> **PROBLEM REQUIREMENTS**:
Your task is to copy every entry exactly.

(Stored items)
_ _ _ _ _
(* Let $G$, $\mathrm{b}$, $(w_{ij})$, the messages $m_{j\to i}(t)$ of Sync-BP, and the quantities $n_{j\to i}(t)$ be as in the context. Then for every edge $\{i,j\}$ of $G$ and every $t=0,1,2,\dots$, $n_{j\to i}(t)=m_{j\to i}(t)$.
   Context: Let $G=(V,E)$ be a finite undirected simple graph, $V=\{1,\dots,n\}$, with real edge weights $w_{ij}$ and positive integers $b_1,\dots,b_n$ with $\deg_G(i)\ge b_i+1$ for all $i$; $N(i)$ is the neighbour set of $i$. Sync-BP messages: $m_{i\to j}(0)=w_{ij}$ and for $t\ge1$, $m_{i\to j}(t)=w_{ij}-\big(b_i\text{-th smallest of }\{m_{\ell\to i}(t-1):\ell\in N(i)\setminus\{j\}\}\big)$, for each ordered pair with $\{i,j\}\in E$. Computation tree: for $i\in V$ and $t\ge0$, $T_i^t$ is the rooted labelled tree with levels $0,1,\dots,t+1$ defined by: the root (level 0) has label $i$; the root has $\deg_G(i)$ children whose labels are exactly the elements of $N(i)$; a node at level $1\le k\le t$ with label $s$ whose parent has label $r$ has children whose labels are exactly the elements of $N(s)\setminus\{r\}$; nodes at level $t+1$ are leaves. An edge between nodes labelled $a,c$ has weight $w_{ac}$. For a child $i_j$ of the root, $T^t_{i_j\to i}$ denotes the subtree consisting of the root edge $(i,i_j)$ together with $i_j$ and all its descendants. A perfect tree-$\mathrm{b}$-matching of such a tree is a set of its edges such that each non-leaf node with label $s$ (other than the root $i$ in the case of $T^t_{i_j\to i}$) is incident to exactly $b_s$ edges of the set. Let $W^+_{i_j\to i}(t)$ (resp. $W^-_{i_j\to i}(t)$) be the minimum weight of a perfect tree-$\mathrm{b}$-matching of $T^t_{i_j\to i}$ that contains (resp. does not contain) the root edge $(i,i_j)$, and $n_{i_j\to i}(t)=W^+_{i_j\to i}(t)-W^-_{i_j\to i}(t)$; this is well-defined for every edge $\{i,j\}$ of $G$ via $n_{j\to i}(t)$. *)

theory Defs
  imports Complex_Main "HOL-Library.Multiset"
begin

text \<open>Graph: vertex set {1..n}, symmetric irreflexive adjacency relation E.\<close>

definition nbr :: "nat \<Rightarrow> (nat \<Rightarrow> nat \<Rightarrow> bool) \<Rightarrow> nat \<Rightarrow> nat set" where
  "nbr n E i = {j \<in> {1..n}. E i j}"

definition kth_smallest :: "nat \<Rightarrow> real multiset \<Rightarrow> real" where
  "kth_smallest k M = sorted_list_of_multiset M ! (k - 1)"

text \<open>Sync-BP messages: msg n E w b t i j is m_{i->j}(t).\<close>
fun msg :: "nat \<Rightarrow> (nat \<Rightarrow> nat \<Rightarrow> bool) \<Rightarrow> (nat \<Rightarrow> nat \<Rightarrow> real) \<Rightarrow> (nat \<Rightarrow> nat)
            \<Rightarrow> nat \<Rightarrow> nat \<Rightarrow> nat \<Rightarrow> real" where
  "msg n E w b 0 i j = w i j"
| "msg n E w b (Suc t) i j =
     w i j - kth_smallest (b i)
       (image_mset (\<lambda>l. msg n E w b t l i) (mset_set (nbr n E i - {j})))"

text \<open>Nodes of a computation tree are identified with the label sequence of the path
  from the root: a non-backtracking walk (consecutive labels adjacent, and a child's
  label differs from its grandparent's label).\<close>
definition nb_walk :: "nat \<Rightarrow> (nat \<Rightarrow> nat \<Rightarrow> bool) \<Rightarrow> nat list \<Rightarrow> bool" where
  "nb_walk n E p \<longleftrightarrow> set p \<subseteq> {1..n} \<and>
     (\<forall>k. Suc k < length p \<longrightarrow> E (p ! k) (p ! Suc k)) \<and>
     (\<forall>k. k + 2 < length p \<longrightarrow> p ! (k + 2) \<noteq> p ! k)"
lemma log_energy_eq_cylinders:
  assumes sets [measurable_cong]: "sets \<mu> = sets seq_space"
  shows "log_energy \<mu> =
    (\<Sum>k. ennreal (ln 2) * (\<Sum>u\<in>{u. length u = Suc k}. emeasure \<mu> (cylinder u) ^ 2))"
proof -
  have inner: "(\<integral>\<^sup>+b. log_kernel a b \<partial>\<mu>) = (\<Sum>k. ennreal (ln 2) * emeasure \<mu> (cylinder (prefix_word a (Suc k))))" for a
  proof -
    have "(\<integral>\<^sup>+b. log_kernel a b \<partial>\<mu>)
        = (\<Sum>k. \<integral>\<^sup>+b. ennreal (ln 2) * indicator (cylinder (prefix_word a (Suc k))) b \<partial>\<mu>)"
      unfolding log_kernel_eq_suminf by (rule nn_integral_suminf) measurable
    then show ?thesis
      using sets by (simp only: nn_integral_cmult_indicator cylinder_in_sets)
  qed
  have "log_energy \<mu> = (\<integral>\<^sup>+a. (\<Sum>k. ennreal (ln 2) * emeasure \<mu> (cylinder (prefix_word a (Suc k)))) \<partial>\<mu>)"
    unfolding log_energy_def inner ..
  also have "\<dots> = (\<Sum>k. ennreal (ln 2) * (\<integral>\<^sup>+a. emeasure \<mu> (cylinder (prefix_word a (Suc k))) \<partial>\<mu>))"
    by (subst nn_integral_suminf) (simp_all add: nn_integral_cmult)
  finally show ?thesis
    by (simp only: nn_integral_cylinder_measure[OF sets])
qed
_ _ _ _ _
> **RESPONSE FOR THIS EXERCISE**:
(* Let $G$, $\mathrm{b}$, $(w_{ij})$, the messages $m_{j\to i}(t)$ of Sync-BP, and the quantities $n_{j\to i}(t)$ be as in the context. Then for every edge $\{i,j\}$ of $G$ and every $t=0,1,2,\dots$, $n_{j\to i}(t)=m_{j\to i}(t)$.
   Context: Let $G=(V,E)$ be a finite undirected simple graph, $V=\{1,\dots,n\}$, with real edge weights $w_{ij}$ and positive integers $b_1,\dots,b_n$ with $\deg_G(i)\ge b_i+1$ for all $i$; $N(i)$ is the neighbour set of $i$. Sync-BP messages: $m_{i\to j}(0)=w_{ij}$ and for $t\ge1$, $m_{i\to j}(t)=w_{ij}-\big(b_i\text{-th smallest of }\{m_{\ell\to i}(t-1):\ell\in N(i)\setminus\{j\}\}\big)$, for each ordered pair with $\{i,j\}\in E$. Computation tree: for $i\in V$ and $t\ge0$, $T_i^t$ is the rooted labelled tree with levels $0,1,\dots,t+1$ defined by: the root (level 0) has label $i$; the root has $\deg_G(i)$ children whose labels are exactly the elements of $N(i)$; a node at level $1\le k\le t$ with label $s$ whose parent has label $r$ has children whose labels are exactly the elements of $N(s)\setminus\{r\}$; nodes at level $t+1$ are leaves. An edge between nodes labelled $a,c$ has weight $w_{ac}$. For a child $i_j$ of the root, $T^t_{i_j\to i}$ denotes the subtree consisting of the root edge $(i,i_j)$ together with $i_j$ and all its descendants. A perfect tree-$\mathrm{b}$-matching of such a tree is a set of its edges such that each non-leaf node with label $s$ (other than the root $i$ in the case of $T^t_{i_j\to i}$) is incident to exactly $b_s$ edges of the set. Let $W^+_{i_j\to i}(t)$ (resp. $W^-_{i_j\to i}(t)$) be the minimum weight of a perfect tree-$\mathrm{b}$-matching of $T^t_{i_j\to i}$ that contains (resp. does not contain) the root edge $(i,i_j)$, and $n_{i_j\to i}(t)=W^+_{i_j\to i}(t)-W^-_{i_j\to i}(t)$; this is well-defined for every edge $\{i,j\}$ of $G$ via $n_{j\to i}(t)$. *)

theory Defs
  imports Complex_Main "HOL-Library.Multiset"
begin

text \<open>Graph: vertex set {1..n}, symmetric irreflexive adjacency relation E.\<close>

definition nbr :: "nat \<Rightarrow> (nat \<Rightarrow> nat \<Rightarrow> bool) \<Rightarrow> nat \<Rightarrow> nat set" where
  "nbr n E i = {j \<in> {1..n}. E i j}"

definition kth_smallest :: "nat \<Rightarrow> real multiset \<Rightarrow> real" where
  "kth_smallest k M = sorted_list_of_multiset M ! (k - 1)"

text \<open>Sync-BP messages: msg n E w b t i j is m_{i->j}(t).\<close>
fun msg :: "nat \<Rightarrow> (nat \<Rightarrow> nat \<Rightarrow> bool) \<Rightarrow> (nat \<Rightarrow> nat \<Rightarrow> real) \<Rightarrow> (nat \<Rightarrow> nat)
            \<Rightarrow> nat \<Rightarrow> nat \<Rightarrow> nat \<Rightarrow> real" where
  "msg n E w b 0 i j = w i j"
| "msg n E w b (Suc t) i j =
     w i j - kth_smallest (b i)
       (image_mset (\<lambda>l. msg n E w b t l i) (mset_set (nbr n E i - {j})))"

text \<open>Nodes of a computation tree are identified with the label sequence of the path
  from the root: a non-backtracking walk (consecutive labels adjacent, and a child's
  label differs from its grandparent's label).\<close>
definition nb_walk :: "nat \<Rightarrow> (nat \<Rightarrow> nat \<Rightarrow> bool) \<Rightarrow> nat list \<Rightarrow> bool" where
  "nb_walk n E p \<longleftrightarrow> set p \<subseteq> {1..n} \<and>
     (\<forall>k. Suc k < length p \<longrightarrow> E (p ! k) (p ! Suc k)) \<and>
     (\<forall>k. k + 2 < length p \<longrightarrow> p ! (k + 2) \<noteq> p ! k)"
lemma log_energy_eq_cylinders:
  assumes sets [measurable_cong]: "sets \<mu> = sets seq_space"
  shows "log_energy \<mu> =
    (\<Sum>k. ennreal (ln 2) * (\<Sum>u\<in>{u. length u = Suc k}. emeasure \<mu> (cylinder u) ^ 2))"
proof -
  have inner: "(\<integral>\<^sup>+b. log_kernel a b \<partial>\<mu>) = (\<Sum>k. ennreal (ln 2) * emeasure \<mu> (cylinder (prefix_word a (Suc k))))" for a
  proof -
    have "(\<integral>\<^sup>+b. log_kernel a b \<partial>\<mu>)
        = (\<Sum>k. \<integral>\<^sup>+b. ennreal (ln 2) * indicator (cylinder (prefix_word a (Suc k))) b \<partial>\<mu>)"
      unfolding log_kernel_eq_suminf by (rule nn_integral_suminf) measurable
    then show ?thesis
      using sets by (simp only: nn_integral_cmult_indicator cylinder_in_sets)
  qed
  have "log_energy \<mu> = (\<integral>\<^sup>+a. (\<Sum>k. ennreal (ln 2) * emeasure \<mu> (cylinder (prefix_word a (Suc k)))) \<partial>\<mu>)"
    unfolding log_energy_def inner ..
  also have "\<dots> = (\<Sum>k. ennreal (ln 2) * (\<integral>\<^sup>+a. emeasure \<mu> (cylinder (prefix_word a (Suc k))) \<partial>\<mu>))"
    by (subst nn_integral_suminf) (simp_all add: nn_integral_cmult)
  finally show ?thesis
    by (simp only: nn_integral_cylinder_measure[OF sets])
qed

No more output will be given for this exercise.